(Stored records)
>>>
text \<open>Gibbs' inequality for the distributions \<open>(a, 1 - a)\<close> and \<open>(q, 1) / (1 + q)\<close>.\<close>

lemma bin_entropy_add_mult_log_le:
  fixes a q :: real
  assumes a: "0 < a" "a < 1" and q: "0 < q"
  shows "bin_entropy a + a * log 2 q \<le> log 2 (1 + q)"
proof -
  define x1 where "x1 = q / (a * (1 + q))"
  define x2 where "x2 = 1 / ((1 - a) * (1 + q))"
  have "x1 > 0" "x2 > 0" using assms by (auto simp: x1_def x2_def)
  then have "a * ln x1 + (1 - a) * ln x2 \<le> a * (x1 - 1) + (1 - a) * (x2 - 1)"
    using a ln_le_minus_one by (intro add_mono mult_left_mono) auto
  also have "\<dots> = a * x1 + (1 - a) * x2 - 1" by (simp add: algebra_simps)
  also have "\<dots> = q / (1 + q) + 1 / (1 + q) - 1" using assms by (simp add: x1_def x2_def)
  also have "\<dots> = 0" using q by (simp add: field_simps)
  finally have "a * ln x1 + (1 - a) * ln x2 \<le> 0" .
  moreover have "ln x1 = ln q - ln a - ln (1 + q)" "ln x2 = - ln (1 - a) - ln (1 + q)"
    using assms by (simp_all add: x1_def x2_def ln_div ln_mult)
  ultimately have "- a * ln a - (1 - a) * ln (1 - a) + a * ln q \<le> ln (1 + q)"
    by (simp add: algebra_simps)
  then have "(- a * ln a - (1 - a) * ln (1 - a) + a * ln q) / ln 2 \<le> ln (1 + q) / ln 2"
    by (simp add: divide_right_mono)
  then show ?thesis unfolding bin_entropy_def log_def by (simp add: add_divide_distrib diff_divide_distrib)
qed

lemma log_weight_eq:
  fixes t :: real
  assumes "t > 1"
  shows "log 2 ((t / (t - 1) - 1) / (t / (t - 1)) powr t) = - t * bin_entropy (1 / t)"
proof -
  have pos: "t > 0" "t - 1 > 0" using assms by auto
  have "t / (t - 1) - 1 = 1 / (t - 1)" "1 - 1 / t = (t - 1) / t"
    using pos by (simp_all add: field_simps)
  then have "ln ((t / (t - 1) - 1) / (t / (t - 1)) powr t) = - ln (t - 1) - t * (ln t - ln (t - 1))"
    "ln (1 - 1 / t) = ln (t - 1) - ln t"
    using pos by (simp_all add: ln_div ln_mult ln_powr)
  then show ?thesis unfolding bin_entropy_def log_def using pos
    by (simp add: ln_div field_simps)
qed

lemma entropy_difference_le_log_weight:
  fixes t :: real
  assumes "t > 1"
  shows "bin_entropy (1 / t ^ 2) - 1 / t * bin_entropy (1 / t)
    \<le> log 2 (1 + (t / (t - 1) - 1) / (t / (t - 1)) powr t)"
proof -
  have "bin_entropy (1 / t ^ 2) - 1 / t * bin_entropy (1 / t)
      = bin_entropy (1 / t ^ 2) + 1 / t ^ 2 * log 2 ((t / (t - 1) - 1) / (t / (t - 1)) powr t)"
    using assms by (simp add: log_weight_eq power2_eq_square)
  also have "\<dots> \<le> log 2 (1 + (t / (t - 1) - 1) / (t / (t - 1)) powr t)"
    using assms by (intro bin_entropy_add_mult_log_le) (auto simp: field_simps)
  finally show ?thesis .
qed

theorem corollary1:
  fixes \<Delta> :: real
  assumes "\<Delta> > 1"
  shows "\<exists>N. \<forall>n \<ge> N. \<forall>m M. delta_approx \<Delta> m n M \<longrightarrow>
           real m \<ge> real n * (bin_entropy (1 / \<Delta> ^ 4) - 1 / \<Delta> ^ 2 * bin_entropy (1 / \<Delta> ^ 2))"
proof (intro exI allI impI)
  define t where "t = \<Delta> ^ 2"
  define \<mu> where "\<mu> = t / (t - 1)"
  define q where "q = (\<mu> - 1) / \<mu> powr t"
  have t: "t > 1" using assms by (simp add: t_def one_less_power)
  then have mu: "\<mu> > 1" and q: "q > 0" "q * \<mu> powr t = \<mu> - 1"
    by (simp_all add: \<mu>_def q_def field_simps)
  fix n m M
  assume "nat \<lceil>t * \<mu> powr t\<rceil> \<le> n" and approx: "delta_approx \<Delta> m n M"
  then have "t * \<mu> powr t \<le> real n" by linarith
  then have large: "t * \<mu> powr t \<le> real (card {..<n})" by simp
  interpret ratio_bounded_outcomes "{..<n}" "\<lambda>B. gt_outcome m n M (\<lambda>j. j \<in> B)" t
    unfolding t_def using assms approx by (intro delta_approx_ratio_bounded_outcomes) auto
  have "(1 + q) ^ n \<le> real (card ((\<lambda>B. gt_outcome m n M (\<lambda>j. j \<in> B)) ` (Pow {..<n} - {{}})))"
    using power_card_le_card_outcomes[OF mu _ q(2) large] q(1) t by simp
  also have "\<dots> \<le> 2 ^ m"
    using card_gt_outcome_image_le[of m n M "(\<lambda>B j. j \<in> B) ` (Pow {..<n} - {{}})"]
    by (simp add: image_image)
  finally have "log 2 ((1 + q) ^ n) \<le> log 2 (2 ^ m)"
    using q by (subst log_le_cancel_iff) auto
  then have "real n * log 2 (1 + q) \<le> real m"
    using q by (simp add: log_nat_power)
  moreover have "bin_entropy (1 / \<Delta> ^ 4) - 1 / \<Delta> ^ 2 * bin_entropy (1 / \<Delta> ^ 2) \<le> log 2 (1 + q)"
    using entropy_difference_le_log_weight[OF t] unfolding q_def \<mu>_def t_def by (simp flip: power_mult)
  ultimately show "real m \<ge> real n * (bin_entropy (1 / \<Delta> ^ 4) - 1 / \<Delta> ^ 2 * bin_entropy (1 / \<Delta> ^ 2))"
    using mult_left_mono[of _ "log 2 (1 + q)" "real n"] by fastforce
qed

end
<<<
◆ **What you should do**
Find the line that contains "by (simp add: image_image)". Repeat it and every line after it, exactly as written, up to and including the last line of the records above.

◆ **Finished exercise**
    by (simp add: image_image)
  finally have "log 2 ((1 + q) ^ n) \<le> log 2 (2 ^ m)"
    using q by (subst log_le_cancel_iff) auto
  then have "real n * log 2 (1 + q) \<le> real m"
    using q by (simp add: log_nat_power)
  moreover have "bin_entropy (1 / \<Delta> ^ 4) - 1 / \<Delta> ^ 2 * bin_entropy (1 / \<Delta> ^ 2) \<le> log 2 (1 + q)"
    using entropy_difference_le_log_weight[OF t] unfolding q_def \<mu>_def t_def by (simp flip: power_mult)
  ultimately show "real m \<ge> real n * (bin_entropy (1 / \<Delta> ^ 4) - 1 / \<Delta> ^ 2 * bin_entropy (1 / \<Delta> ^ 2))"
    using mult_left_mono[of _ "log 2 (1 + q)" "real n"] by fastforce
qed

end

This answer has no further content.